* Required work *
Reproduce, exactly and in full, only the lines below from the one containing "component vector (eta(X)" through the one containing "text \<open>C-infinity: every".

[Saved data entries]
........

(* A weakly semi-symmetric K-contact manifold is Sasakian.
   Context: A contact metric structure $(M,\eta,\xi,\phi,g)$ consists of a contact form $\eta$, its Reeb field $\xi$, a Riemannian metric $g$ and an endomorphism field $\phi$ with $\eta(\xi)=1$, $\phi^2=-\mathrm{Id}+\eta\otimes\xi$, $\phi\xi=0$, $d\eta=2g(\cdot,\phi\cdot)$. It is K-contact if $h=\frac12L_\xi\phi=0$, and Sasakian if $(\nabla_X\phi)Y=g(X,Y)\xi-\eta(Y)X$ for all $X,Y$ (equivalently $R(X,Y)\xi=\eta(Y)X-\eta(X)Y$), where $\nabla$ is the Levi-Civita connection and $R(X,Y)Z=\nabla_X\nabla_YZ-\nabla_Y\nabla_XZ-\nabla_{[X,Y]}Z$. It is weakly semi-symmetric if $R(X,\xi)\cdot R=0$ for all $X$, where $R(X,\xi)$ acts as a derivation on the curvature tensor: $(R(X,\xi)\cdot R)(Y,Z)W=R(X,\xi)R(Y,Z)W-R(R(X,\xi)Y,Z)W-R(Y,R(X,\xi)Z)W-R(Y,Z)R(X,\xi)W$. *)

theory Defs
  imports "HOL-Analysis.Analysis"
begin

text \<open>Local-coordinate model: the manifold is an open set U in real^'n.
  Vector fields are maps real^'n => real^'n, (1,1)-tensor fields and the metric
  are matrix-valued maps real^'n => real^'n^'n, the 1-form eta is given by its
  component vector (eta(X) = eta x \<bullet> X x).\<close>

definition pd :: "'n::finite \<Rightarrow> (real^'n \<Rightarrow> real) \<Rightarrow> real^'n \<Rightarrow> real" where
  "pd i f x = deriv (\<lambda>t. f (x + t *\<^sub>R axis i 1)) 0"

text \<open>C-infinity: every iterated partial derivative is (Frechet) differentiable on U.\<close>
definition smooth_fun :: "(real^'n::finite) set \<Rightarrow> (real^'n \<Rightarrow> real) \<Rightarrow> bool" where
  "smooth_fun U f \<longleftrightarrow> (\<forall>is :: 'n list. foldr pd is f differentiable_on U)"

definition smooth_vf :: "(real^'n::finite) set \<Rightarrow> (real^'n \<Rightarrow> real^'n) \<Rightarrow> bool" where
  "smooth_vf U X \<longleftrightarrow> (\<forall>k. smooth_fun U (\<lambda>y. X y $ k))"
(* Let $T$ be a rank-$r$ tensor and $t$ a rank-$s$ tensor, and let $1\le i\le r$, $1\le j\le s$. If $T,t\in\mathcal{DP}$, or if $T,t\in-\mathcal{DP}$, then $(T\,{}_i\!\times_j t)\in\mathcal{DP}$. If $T\in\mathcal{DP}$ and $t\in-\mathcal{DP}$, then $(T\,{}_i\!\times_j t)\in-\mathcal{DP}$ and $(t\,{}_j\!\times_i T)\in-\mathcal{DP}$.
   Context: Lorentzian metric of signature $(+,-,\dots,-)$ with time orientation; causal: $v\ne0$, $v\cdot v\ge0$. $\mathcal{DP}$: tensors $X_{a_1\dots a_m}$ with $X_{a_1\dots a_m}u_1^{a_1}\cdots u_m^{a_m}\ge0$ for all causal future-pointing $u_k$ (rank 0: non-negative reals); $-\mathcal{DP}=\{X:-X\in\mathcal{DP}\}$. The product $(T\,{}_i\!\times_j t)_{a_1\dots a_{r+s-2}}=T_{a_1\dots a_{i-1}ba_i\dots a_{r-1}}\,t_{a_r\dots a_{r+j-2}}{}^{b}{}_{a_{r+j-1}\dots a_{r+s-2}}$ contracts the $i$-th index of $T$ with the $j$-th index of $t$. *)

theory Defs
  imports Complex_Main
begin

text \<open>Spacetime of dimension d, in an orthonormal frame: index 0 is the time
direction, the metric is eta = diag(1,-1,...,-1).  Vectors are given by their
contravariant components (functions nat => real, only indices < d matter).
A rank-r tensor is given by its covariant components X a_1 ... a_r, encoded as a
function on index lists (only lists of length r with entries < d matter).\<close>

definition eta :: "nat \<Rightarrow> real" where
  "eta a = (if a = 0 then 1 else -1)"
lemma ensemble_QFI_mean_phase_family:
  fixes Z :: "'n::finite \<Rightarrow> complex^'n^'n"
  assumes herm: "\<And>j. hermitian_mat (Z j)"
    and diag: "\<And>j. diagonal_mat (Z j)"
    and orth: "\<And>j k. trace (Z j ** Z k) = (if j = k then 1 else 0)"
    and E: "ensemble \<rho> E"
  shows "(\<Sum>(p, \<psi>)\<leftarrow>E. p * QFI_mean (\<lambda>\<theta>'. Uphase Z \<theta>' ** proj \<psi> ** cadj (Uphase Z \<theta>')) \<theta>)
    = 4 / real CARD('n) * (1 - (\<Sum>(p, \<psi>)\<leftarrow>E. p * (\<Sum>j\<in>UNIV. cmod (\<psi> $ j) ^ 4)))"
    (is "_ = ?average")
proof -
  have "(\<Sum>(p, \<psi>)\<leftarrow>E. p * QFI_mean (\<lambda>\<theta>'. Uphase Z \<theta>' ** proj \<psi> ** cadj (Uphase Z \<theta>')) \<theta>)
      = (\<Sum>(p, \<psi>)\<leftarrow>E. p * (4 / real CARD('n) * (1 - (\<Sum>j\<in>UNIV. cmod (\<psi> $ j) ^ 4))))"
    by (intro arg_cong[where f=sum_list] map_cong refl)
      (auto simp: QFI_mean_phase_family[OF herm diag orth] dest: ensemble_unit[OF E])
  also have "\<dots> = ?average"
    by (rule ensemble_average_affine[OF E])
  finally show ?thesis .
qed

theorem mainTheorem5:
  fixes Z :: "'n \<Rightarrow> complex^'n^'n" and \<rho> :: "complex^'n^'n" and \<theta> :: "real^'n"
  assumes herm: "\<And>j. hermitian_mat (Z j)"
    and diag: "\<And>j. diagonal_mat (Z j)"
    and orth: "\<And>j k. trace (Z j ** Z k) = (if j = k then 1 else 0)"
    and state: "density_mat \<rho>"
  shows "Ccoh Z \<theta> \<rho> = 4 / real CARD('n) *
    (1 - (SUP E \<in> {E. ensemble \<rho> E}. (\<Sum>(p, \<psi>)\<leftarrow>E. p * (\<Sum>j\<in>UNIV. cmod (\<psi> $ j) ^ 4))))"
proof -
  define A where "A = {E. ensemble \<rho> E}"
  define g where "g E = (\<Sum>(p, \<psi>)\<leftarrow>E. p * (\<Sum>j\<in>UNIV. cmod (\<psi> $ j) ^ 4))"
    for E :: "(real \<times> (complex^'n)) list"
  define f where "f = (\<lambda>x::real. 4 / real CARD('n) * (1 - x))"
  have "Ccoh Z \<theta> \<rho> = (INF E\<in>A. f (g E))"
    unfolding Ccoh_def A_def f_def g_def
    by (intro INF_cong refl) (simp add: ensemble_QFI_mean_phase_family[OF herm diag orth])
  also have "\<dots> = f (SUP E\<in>A. g E)"
  proof -
    have "A \<noteq> {}"
      using density_mat_ensemble_exists[OF state] by (simp add: A_def)
    moreover have "bdd_above (g ` A)"
      by (rule bdd_aboveI[of _ 1])
        (auto simp: A_def g_def intro: ensemble_average_le_one sum_power4_le_one)
    moreover have "antimono f"
      unfolding f_def antimono_def by (auto intro!: divide_right_mono)
    moreover have "continuous (at_left (Sup (g ` A))) f"
      unfolding f_def by (intro continuous_intros)
    ultimately show ?thesis
      using continuous_at_Sup_antimono[of f "g ` A"] by (simp add: image_image)
  qed
  finally show ?thesis
    by (simp add: f_def g_def A_def)
qed

end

........

* Reply *
  component vector (eta(X) = eta x \<bullet> X x).\<close>

definition pd :: "'n::finite \<Rightarrow> (real^'n \<Rightarrow> real) \<Rightarrow> real^'n \<Rightarrow> real" where
  "pd i f x = deriv (\<lambda>t. f (x + t *\<^sub>R axis i 1)) 0"

text \<open>C-infinity: every iterated partial derivative is (Frechet) differentiable on U.\<close>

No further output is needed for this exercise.